-
Notifications
You must be signed in to change notification settings - Fork 3.9k
Closed
Labels
Description
Hi,
I do experience migration issues from 3.5.4 to 3.7.4 on windows environment.
I did prepare windows docker containers to ease the reproduction of the issue.

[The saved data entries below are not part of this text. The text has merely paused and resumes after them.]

(* Let $N,K\ge1$ and $T\ge1$. Let $\phi_r\in\mathbb{R}$, $\sigma_r^2>0$. For $t=1,\dots,T$ independently, let $\theta_t\sim\mathcal{N}(\phi_r,\sigma_r^2)$, and conditionally on $\theta_t$ let $x_{t,1},\dots,x_{t,N}$ and $y_{t,1},\dots,y_{t,K}$ be independent $\mathcal{N}(\theta_t,1)$ random variables. Define for $\phi\in\mathbb{R}$, $\sigma^2>0$, $$\ell_t^{\mathrm{tr}}(\theta_t,\phi,\sigma^2)=\tfrac12\log\sigma^2+\frac{(\theta_t-\phi)^2}{2\sigma^2}+\tfrac12\sum_{n=1}^N(x_{t,n}-\theta_t)^2,$$ $\hat\theta_t(\phi,\sigma^2)=\arg\min_{\theta_t}\ell_t^{\mathrm{tr}}(\theta_t,\phi,\sigma^2)$, and $$\hat\ell_{\mathrm{PLL}}(\phi,\sigma^2)=\tfrac12\sum_{t=1}^T\sum_{k=1}^K\big(y_{t,k}-\hat\theta_t(\phi,\sigma^2)\big)^2.$$ Let $(\hat\phi,\hat\sigma^2)$ be the solution of $\nabla_{(\phi,\sigma^2)}\hat\ell_{\mathrm{PLL}}(\phi,\sigma^2)=0$. Then, as $T\to\infty$, $\hat\phi(\hat\sigma^2)\to\phi_r$ and $\hat\sigma^2\to\sigma_r^2$ in probability.
   Context: This is a univariate hierarchical normal model with one module; $\hat\ell_{\mathrm{PLL}}$ is (up to a constant) the negative validation log-likelihood evaluated at the MAP task parameters, and $(\hat\phi,\hat\sigma^2)$ are the stationary points of it with respect to the meta-parameters. *)

theory Defs
  imports "HOL-Probability.Probability"
begin

text \<open>Index type for the independent primitive random variables:
  task parameters theta_t, training noises for x_{t,n}, validation noises for y_{t,k}.\<close>
datatype idx = Th nat | Ex nat nat | Ey nat nat

text \<open>Training loss of task t (data xs = x_{t,0..N-1}), meta-parameters phi and s = sigma^2.\<close>
definition ell_tr :: "nat \<Rightarrow> (nat \<Rightarrow> real) \<Rightarrow> real \<Rightarrow> real \<Rightarrow> real \<Rightarrow> real" where
  "ell_tr N xs \<theta> \<phi> s =
     ln s / 2 + (\<theta> - \<phi>)\<^sup>2 / (2 * s) + (\<Sum>n<N. (xs n - \<theta>)\<^sup>2) / 2"

definition theta_hat :: "nat \<Rightarrow> (nat \<Rightarrow> real) \<Rightarrow> real \<Rightarrow> real \<Rightarrow> real" where
  "theta_hat N xs \<phi> s = (ARG_MIN (\<lambda>\<theta>. ell_tr N xs \<theta> \<phi> s) \<theta>. True)"

definition ell_PLL :: "nat \<Rightarrow> nat \<Rightarrow> nat \<Rightarrow> (nat \<Rightarrow> nat \<Rightarrow> real) \<Rightarrow> (nat \<Rightarrow> nat \<Rightarrow> real)
    \<Rightarrow> real \<Rightarrow> real \<Rightarrow> real" where
  "ell_PLL N K T xd yd \<phi> s =
     (\<Sum>t<T. \<Sum>k<K. (yd t k - theta_hat N (xd t) \<phi> s)\<^sup>2) / 2"

definition PLL_stationary :: "nat \<Rightarrow> nat \<Rightarrow> nat \<Rightarrow> (nat \<Rightarrow> nat \<Rightarrow> real) \<Rightarrow> (nat \<Rightarrow> nat \<Rightarrow> real)
    \<Rightarrow> real \<Rightarrow> real \<Rightarrow> bool" where
  "PLL_stationary N K T xd yd \<phi> s \<longleftrightarrow>
     s > 0 \<and>
     ((\<lambda>p. ell_PLL N K T xd yd (fst p) (snd p)) has_derivative (\<lambda>h. 0)) (at (\<phi>, s))"

end

theory Submission
  imports Defs
begin

text \<open>
  For \<open>s = \<sigma>\<^sup>2 > 0\<close> the training loss of task \<open>t\<close> is a parabola in \<open>\<theta>\<close>, so the MAP estimate is
  \<open>(1 - w) \<phi> + w a\<^sub>t\<close>, where \<open>a\<^sub>t\<close> is the mean of the training data of the task and
  \<open>w = sN / (1 + sN) \<in> (0, 1)\<close>.
  The validation loss is therefore a least-squares fit of the validation means \<open>b\<^sub>t\<close> by the affine
  function \<open>(1 - w) \<phi> + w a\<^sub>t\<close>, and its stationary points are the normal equations of the regression
  of \<open>b\<close> on \<open>a\<close>: \<open>w\<close> is the empirical slope \<open>Cov(a, b) / Var(a)\<close>, \<open>(1 - w) \<phi>\<close> the intercept.
  Whenever the empirical slope lies in \<open>(0, 1)\<close> this determines \<open>(\<phi>, s)\<close> uniquely as a continuous
  function of the four empirical moments of the pairs \<open>(a\<^sub>t, b\<^sub>t)\<close>. These pairs are independent across
  tasks with bounded fourth moments, so by Chebyshev's weak law the moments converge in probability to
  their population values, at which the slope is \<open>\<sigma>\<^sub>r\<^sup>2 / (\<sigma>\<^sub>r\<^sup>2 + 1/N) \<in> (0, 1)\<close> and the
  estimators evaluate to \<open>\<phi>\<^sub>r\<close> and \<open>\<sigma>\<^sub>r\<^sup>2\<close>.
\<close>

section \<open>Stationary points of the validation loss\<close>

definition sample_mean :: "nat \<Rightarrow> (nat \<Rightarrow> real) \<Rightarrow> real" where
  "sample_mean n f = (\<Sum>i<n. f i) / real n"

We experience the same issue on windows virtual machines.
How to reproduce
- setup your machine name to: rmq (it's easier in the Container than on real windows machines)
- start rabbitmq 3.5.4 (OTP 18.3) instance
- stop the broker
- start rabbitmq 3.7.4 (OTP 20.0) instance using the same RABBITMQ_BASE folder
- migration failed with message:
BOOT FAILED
===========
Error description:
init:do_boot/3 line 793
init:start_em/1 line 1085
rabbit:start_it/1 line 445
rabbit:'-boot/0-fun-0-'/0 line 296
rabbit_upgrade:run_mnesia_upgrades/2 line 155
rabbit_upgrade:die/2 line 209
io:format(<0.56.0>, "\n\n****\n\nCluster upgrade needed but other disc nodes shut down after this one.\nPlease first star...", [])
error:badarg
Log file(s) (may contain more information):
c:/rmq-data/log/RABBIT~1.LOG
c:/rmq-data/log/rabbit@rmq_upgrade.log
{"init terminating in do_boot",badarg}
init terminating in do_boot (badarg)
Crash dump is being written to: c:\rmq-data\log\erl_crash.dump...done
investigations done
-
it looks like cluster membership is case sensitive
- when I start 3.5.4 instance the content of nodes_running_at_shutdown is: [rabbit@RMQ]. (look the uppercase)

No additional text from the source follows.